Of all the places to commit a crime, you may want to avoid Arizona. Amnesty International today released a report blasting the state's "cruel isolation" practices. It claims that Arizona's state prisons overuse solitary confinement, with prisoners spending as long as 15 years alone in a windowless cell for 22 to 24 hours a day. According to the state's figures, 8% of its prison population is jailed in maximum-security units, most alone. What's more, Amnesty says those figures also reveal that 35% of those 3,130 inmates committed non-violent crimes.
The Arizona Republic notes that only 1% of federal inmates and 1% to 3% of most state inmates are subjected to similar conditions. Other damning findings:
- Amnesty tracked down 14 teens between the ages of 14 to 17 who had been held in isolation.

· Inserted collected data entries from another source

definition level_code :: "(nat \<Rightarrow> nat set set) \<Rightarrow> nat \<Rightarrow> nat" where
  "level_code E n = prod_encode (n, to_nat (level_table E n))"

lemma code_index_level_code [simp]: "code_index (level_code E n) = n"
  by (simp add: code_index_def level_code_def)

lemma code_table_level_code [simp]: "code_table (level_code E n) = level_table E n"
  by (simp add: code_table_def level_code_def)

lemma inj_level_code: "inj (level_code E)"
  by (metis code_index_level_code injI)

lemma code_index_image_level_code_Diff:
  "code_index ` (level_code E ` s - {level_code E n}) = s - {n}"
proof -
  have "level_code E ` s - {level_code E n} = level_code E ` (s - {n})"
    by (simp add: image_set_diff[OF inj_level_code])
  then show ?thesis
    by (simp add: image_image)
qed

locale ideal_tower =
  fixes E :: "nat \<Rightarrow> nat set set"
  assumes hereditary: "a \<in> E K \<Longrightarrow> y \<subseteq> a \<Longrightarrow> y \<in> E K"
    and Un_mem: "a \<in> E K \<Longrightarrow> b \<in> E K \<Longrightarrow> a \<union> b \<in> E (Suc K)"
    and closed: "closed_family (E K)"
begin

lemma mono: "j \<le> K \<Longrightarrow> E j \<subseteq> E K"
  by (rule lift_Suc_mono_le[of E]) (use Un_mem[of _ _ _] in \<open>metis Un_absorb subsetI\<close>)

lemma UN_mem:
  assumes "\<And>j. j < m \<Longrightarrow> A j = {} \<or> A j \<in> E K"
  shows "(\<Union>j<m. A j) = {} \<or> (\<Union>j<m. A j) \<in> E (K + m)"
  using assms
proof (induction m)
  case (Suc m)
  have "E K \<subseteq> E (K + m)"
    by (rule mono) simp
  then have "A m = {} \<or> A m \<in> E (K + m)" and "(\<Union>j<m. A j) = {} \<or> (\<Union>j<m. A j) \<in> E (K + m)"
    using Suc by auto
  moreover have "(\<Union>j<Suc m. A j) = (\<Union>j<m. A j) \<union> A m"
    by (simp add: lessThan_Suc Un_commute)
  moreover have "E (K + m) \<subseteq> E (K + Suc m)"
    by (rule mono) simp
  ultimately show ?case
    using Un_mem[of "\<Union>j<m. A j" "K + m" "A m"] by auto
qed simp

- The "special management units" Arizona's inmates are isolated in have lighting on 24 hours a day (it's dimmed at night); inmates generally leave the cell no more than three times a week for two hours to exercise and shower (again, typically in windowless rooms).
- Anyone sentenced to life is required to spend a minimum of the first two years of their sentence in solitary.
- According to an ACLU lawsuit, prisoners in solitary tend to wait as long as six to eight months to meet with a psychologist; unlike many other states, Arizona allows mentally ill inmates to be placed in solitary.
- Amnesty suspects that these conditions are fueling the state's prison suicide rate, which is double the national average; 70% of the most recent suicides were committed by those in solitary.